Reversing diablo2oo2's crackme 4

Overview

The following tutorial will document diablo2oo2’s fourth crackme.

This tutorial assumes you have some basic reversing knowledge.

The crackme can be found here.

Tools

You will need only x64dbg.

Analysis

1.png

Load up the crackme in x64dbg. You will need to enable compatibility mode for “Windows XP (SP2)” if running on modern OSes. Immediately there is something suspicious.

1.png

Some self modifying code is done. It generates some code at 0x0040D00, and also generates a string.

1.png

Looking at the call location around GetDlgItemTextA also generates a string, and the serial is checked to be exactly 8 characters in length. Entering a serial that is 8 characters in length then leads to….

1.png

There is some oddities to this particular code due to some bugs in the crackme.

In the first iteration of the loop shown, EDX starts at zero and is decremented by dec dl, so DX is now “0xFF” thus there is a out-of-bounds string read on the serial string, so DL starts at 0xFF and wraps to zero.
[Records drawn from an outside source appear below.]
text \<open>The roots \<open>x\<close> and \<open>p - x\<close> have the same square, so \<open>gauss_sum\<close> counts every nonzero
  quadratic residue twice.\<close>

lemma gauss_sum_eq_QR_sum:
  assumes pr: "prime (p::int)" and p2: "p > 2"
  shows "gauss_sum p t = 1 + 2 * QR_sum p t"
proof -
  define h where "h = (p - 1) div 2"
  define f where "f x = e_mod p (t * x\<^sup>2)" for x
  have "odd p" using prime_odd_int[OF pr p2] .
  then have hp: "2 * h + 1 = p" unfolding h_def by presburger
  have upper: "{h+1..p-1} = (\<lambda>x. p - x) ` {1..h}"
  proof
    show "{h+1..p-1} \<subseteq> (\<lambda>x. p - x) ` {1..h}"
    proof
      fix y assume "y \<in> {h+1..p-1}"
      then show "y \<in> (\<lambda>x. p - x) ` {1..h}" using hp by (intro image_eqI[of _ _ "p - y"]) auto
    qed
  qed (use hp in auto)
  have reflect: "f (p - x) = f x" for x
  proof -
    have "t * (p - x)\<^sup>2 = t * x\<^sup>2 + p * (t * (p - 2 * x))" by (simp add: power2_eq_square algebra_simps)
    then show ?thesis unfolding f_def using p2 by (intro e_mod_cong) (auto simp: cong_def)
  qed
  have "{0..<p} = insert 0 ({1..h} \<union> {h+1..p-1})" using hp p2 by auto
  then have "gauss_sum p t = 1 + (sum f {1..h} + sum f {h+1..p-1})"
    unfolding gauss_sum_def f_def[symmetric] using hp p2
    by (simp add: sum.union_disjoint f_def)
  also have "sum f {h+1..p-1} = sum f {1..h}"
    unfolding upper by (subst sum.reindex) (auto simp: inj_on_def reflect)
  also have "sum f {1..h} = QR_sum p t"
  proof -
    have "f x = e_mod p (t * (x\<^sup>2 mod p))" for x
      unfolding f_def using p2 by (intro e_mod_cong) (auto simp: cong_def mod_mult_right_eq)
    then show ?thesis
      using sum.reindex_bij_betw[OF bij_betw_square_nonzero_QR[OF pr p2], of "\<lambda>q. e_mod p (t * q)"]
      unfolding QR_sum_def h_def by simp
  qed
  finally show ?thesis by simp
qed

text \<open>Expanding \<open>|G|\<^sup>2\<close> and substituting \<open>x \<mapsto> x + y\<close> leaves the character sum
  \<open>\<Sum>\<^sub>y e(2 t x y / p)\<close>, which vanishes unless \<open>x = 0\<close>.\<close>

lemma gauss_sum_times_cnj:
  assumes pr: "prime (p::int)" and p2: "p > 2" and cop: "coprime t p"
  shows "gauss_sum p t * cnj (gauss_sum p t) = of_int p"
proof -
  have p0: "p > 0" using p2 by simp
  have "gauss_sum p t * cnj (gauss_sum p t) = (\<Sum>y\<in>{0..<p}. \<Sum>x\<in>{0..<p}. e_mod p (t * (x\<^sup>2 - y\<^sup>2)))"
    unfolding gauss_sum_def sum_product cnj_sum cnj_e_mod
    by (subst sum.swap) (simp add: e_mod_add[symmetric] algebra_simps)
  also have "\<dots> = (\<Sum>y\<in>{0..<p}. \<Sum>x\<in>{0..<p}. e_mod p (t * ((x + y)\<^sup>2 - y\<^sup>2)))"
  proof (rule sum.cong[OF refl])
    fix y
    show "(\<Sum>x\<in>{0..<p}. e_mod p (t * (x\<^sup>2 - y\<^sup>2))) = (\<Sum>x\<in>{0..<p}. e_mod p (t * ((x + y)\<^sup>2 - y\<^sup>2)))"
    proof (rule sum_shift_mod[OF p0, symmetric])
      fix x
      have "[t * ((x mod p)\<^sup>2 - y\<^sup>2) = t * (x\<^sup>2 - y\<^sup>2)] (mod p)"
        by (intro cong_mult cong_diff cong_refl cong_pow) (simp add: cong_def)
      then show "e_mod p (t * ((x mod p)\<^sup>2 - y\<^sup>2)) = e_mod p (t * (x\<^sup>2 - y\<^sup>2))"
        by (rule e_mod_cong[OF p0])
    qed
  qed
  also have "\<dots> = (\<Sum>x\<in>{0..<p}. e_mod p (t * x\<^sup>2) * (\<Sum>y\<in>{0..<p}. e_mod p ((2 * t * x) * y)))"
    by (subst sum.swap) (simp add: sum_distrib_left e_mod_add[symmetric] power2_eq_square algebra_simps)
  also have "\<dots> = (\<Sum>x\<in>{0..<p}. if x = 0 then of_int p else 0)"
  proof (intro sum.cong refl)
    fix x assume x: "x \<in> {0..<p}"
    have "\<not> p dvd 2" using p2 zdvd_imp_le[of p 2] by auto
    moreover have "\<not> p dvd t" using cop pr by (metis coprime_absorb_right not_prime_unit)
    ultimately have "p dvd 2 * t * x \<longleftrightarrow> p dvd x" using pr by (simp add: prime_dvd_mult_iff)
    also have "\<dots> \<longleftrightarrow> x = 0" using x prime_not_dvd_between[OF pr, of x] by fastforce
    finally show "e_mod p (t * x\<^sup>2) * (\<Sum>y\<in>{0..<p}. e_mod p ((2 * t * x) * y))
        = (if x = 0 then of_int p else 0)"
      by (simp add: sum_e_mod[OF p0])
  qed
  also have "\<dots> = of_int p" using p0 by simp
  finally show ?thesis .
qed

lemma QR_sums_opposite_Legendre_via_gauss_sum:
  assumes pr: "prime (p::int)" and p4: "p mod 4 = 1" and cop: "coprime t\<^sub>1 p" "coprime t\<^sub>2 p"
    and opp: "Legendre t\<^sub>1 p = - Legendre t\<^sub>2 p"
  obtains g :: real where "g\<^sup>2 = p" "QR_sum p t\<^sub>1 = (of_real g - 1) / 2" "QR_sum p t\<^sub>2 = (- of_real g - 1) / 2"
proof -
  have p2: "p > 2" using prime_gt_1_int[OF pr] p4 by presburger
  define G where "G = gauss_sum p t\<^sub>1"
  have G: "G = 1 + 2 * QR_sum p t\<^sub>1" unfolding G_def by (rule gauss_sum_eq_QR_sum[OF pr p2])
  have "cnj G = G"
    unfolding G cnj_QR_sum complex_cnj_add complex_cnj_mult QR_sum_uminus[OF pr p4 cop(1)] by simp
  then have "Im G = 0" by (metis cnj.sel(2) neg_equal_zero)
  then have Gg: "G = of_real (Re G)" by (simp add: complex_eq_iff)
  have "G * cnj G = of_int p" unfolding G_def by (rule gauss_sum_times_cnj[OF pr p2 cop(1)])
  then have "complex_of_real ((Re G)\<^sup>2) = complex_of_real (of_int p)"
    using \<open>cnj G = G\<close> Gg by (simp add: power2_eq_square)
  then have "(Re G)\<^sup>2 = p" by (simp only: of_real_eq_iff)
  moreover have S1: "QR_sum p t\<^sub>1 = (of_real (Re G) - 1) / 2" using G Gg by simp
  moreover have "QR_sum p t\<^sub>2 = (- of_real (Re G) - 1) / 2"
  proof -
    have "QR_sum p t\<^sub>2 = -1 - QR_sum p t\<^sub>1"
      using QR_sum_add_opposite_Legendre[OF pr p2 cop opp] by (simp add: eq_diff_eq add.commute)
    also have "\<dots> = (- of_real (Re G) - 1) / 2" unfolding S1 by (simp add: field_simps)
    finally show ?thesis .
  qed
  ultimately show ?thesis by (rule that)
qed

lemma unit_combination_on_ellipse:
  fixes z :: complex and g p :: real
  assumes z: "norm z = 1" and g: "g\<^sup>2 = p" and p: "p > 0"
  defines "w \<equiv> z * ((of_real g - 1) / 2) + cnj z * ((- of_real g - 1) / 2)"
  shows "(Re w)\<^sup>2 + (Im w)\<^sup>2 / p = 1"
proof -
  have "Re w = - Re z" "Im w = g * Im z" unfolding w_def by (simp_all add: field_simps)
  moreover have "(Re z)\<^sup>2 + (Im z)\<^sup>2 = 1" using z cmod_power2[of z] by simp
  ultimately show ?thesis using g p by (simp add: power_mult_distrib)
qed

lemma add_cnj_scaled_bounds:
  fixes z :: complex and k :: real
  assumes "norm z = 1" "k \<ge> 0"
  shows "of_real k * (z + cnj z) \<in> \<real>" "\<bar>Re (of_real k * (z + cnj z))\<bar> \<le> 2 * k"
proof -
  have "of_real k * (z + cnj z) = of_real (k * (2 * Re z))" by (simp add: complex_add_cnj)
  moreover have "k * \<bar>2 * Re z\<bar> \<le> k * 2"
    using assms abs_Re_le_cmod[of z] by (intro mult_left_mono) auto
  ultimately show "of_real k * (z + cnj z) \<in> \<real>" "\<bar>Re (of_real k * (z + cnj z))\<bar> \<le> 2 * k"
    using assms(2) by (auto simp: abs_mult)
qed

lemma QR_sum_multiple: "p > 0 \<Longrightarrow> p dvd t \<Longrightarrow> QR_sum p t = of_nat (card (nonzero_QR p))"
  unfolding QR_sum_def by (simp add: e_mod_dvd)

text \<open>Writing \<open>n = p m\<close>, the lift \<open>q \<mapsto> ((a q + b) mod p) m + s\<close> turns \<open>e(x y / n)\<close> into
  \<open>e(s y / n) e(b y / p) e(a y q / p)\<close>, and it is injective on residues when \<open>a\<close> is a unit.\<close>

lemma sum_e_fun_lifted_QR:
  assumes n0: "n > 0" and pr: "prime (p::int)" and pn: "p dvd n" and cop: "coprime a p"
  shows "(\<Sum>x\<in>(\<lambda>j. (j * (n div p) + s) mod n) ` ((\<lambda>q. (a * q + b) mod p) ` nonzero_QR p).
            e_fun (of_int (x * y) / of_int n))
         = e_fun (of_int (s * y) / of_int n) * e_mod p (b * y) * QR_sum p (a * y)"
proof -
  define m where "m = n div p"
  have p0: "p > 0" using pr prime_gt_0_int by blast
  have nm: "n = p * m" using pn unfolding m_def by simp
  have m0: "m > 0" using n0 p0 nm zero_less_mult_pos by blast
  define h where "h q = ((a * q + b) mod p * m + s) mod n" for q
  have inj: "inj_on h (nonzero_QR p)"
  proof
    fix q\<^sub>1 q\<^sub>2 assume q: "q\<^sub>1 \<in> nonzero_QR p" "q\<^sub>2 \<in> nonzero_QR p" "h q\<^sub>1 = h q\<^sub>2"
    then have "n dvd ((a * q\<^sub>1 + b) mod p - (a * q\<^sub>2 + b) mod p) * m"
      unfolding h_def by (simp add: mod_eq_dvd_iff algebra_simps)
    then have "[(a * q\<^sub>1 + b) mod p = (a * q\<^sub>2 + b) mod p] (mod p)"
      using m0 unfolding nm by (simp add: cong_iff_dvd_diff)
    then have "[a * q\<^sub>1 + b = a * q\<^sub>2 + b] (mod p)" by (simp add: cong_def)
    then have "[a * q\<^sub>1 = a * q\<^sub>2] (mod p)" by (simp add: cong_add_rcancel)
    then have "[q\<^sub>1 = q\<^sub>2] (mod p)" using cong_mult_lcancel[of a p q\<^sub>1 q\<^sub>2] cop by simp
    then show "q\<^sub>1 = q\<^sub>2" using q unfolding nonzero_QR_def by (simp add: cong_def)
  qed
  have summand: "e_fun (of_int (h q * y) / of_int n)
      = e_fun (of_int (s * y) / of_int n) * e_mod p (b * y) * e_mod p ((a * y) * q)" for q
  proof -
    define r where "r = (a * q + b) mod p"
    have "e_fun (of_int (h q * y) / of_int n) = e_mod n ((r * m + s) * y)"
      unfolding e_mod_def[symmetric] h_def r_def
      by (rule e_mod_cong[OF n0]) (simp add: cong_def mod_mult_left_eq)
    also have "\<dots> = e_mod p (r * y) * e_fun (of_int (s * y) / of_int n)"
      unfolding e_mod_def e_fun_add[symmetric] using p0 m0 nm by (simp add: field_simps)
    also have "e_mod p (r * y) = e_mod p ((a * q + b) * y)"
      unfolding r_def by (rule e_mod_cong[OF p0]) (simp add: cong_def mod_mult_left_eq)
    also have "\<dots> = e_mod p (b * y) * e_mod p ((a * y) * q)"
      by (simp add: e_mod_add[symmetric] algebra_simps)
    finally show ?thesis by simp
  qed
  have img: "(\<lambda>j. (j * (n div p) + s) mod n) ` ((\<lambda>q. (a * q + b) mod p) ` nonzero_QR p) = h ` nonzero_QR p"
    unfolding h_def m_def image_image by simp
  show ?thesis unfolding img sum.reindex[OF inj] o_def summand QR_sum_def
    by (simp add: sum_distrib_left)
qed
Due to this, the CL register also is equal to 0 and has no bearing on the resulting calculations. Also, due to another bug in the crackme, ESI is not equal to zero and so is set to the address of a subroutine in the crackme which is 0x00401065.

The original intent of the code was to loop over the characters in the entered string and do some very basic maths with the ASCII values. But due to the aforementioned bugs, only 7 characters are used in the calculation.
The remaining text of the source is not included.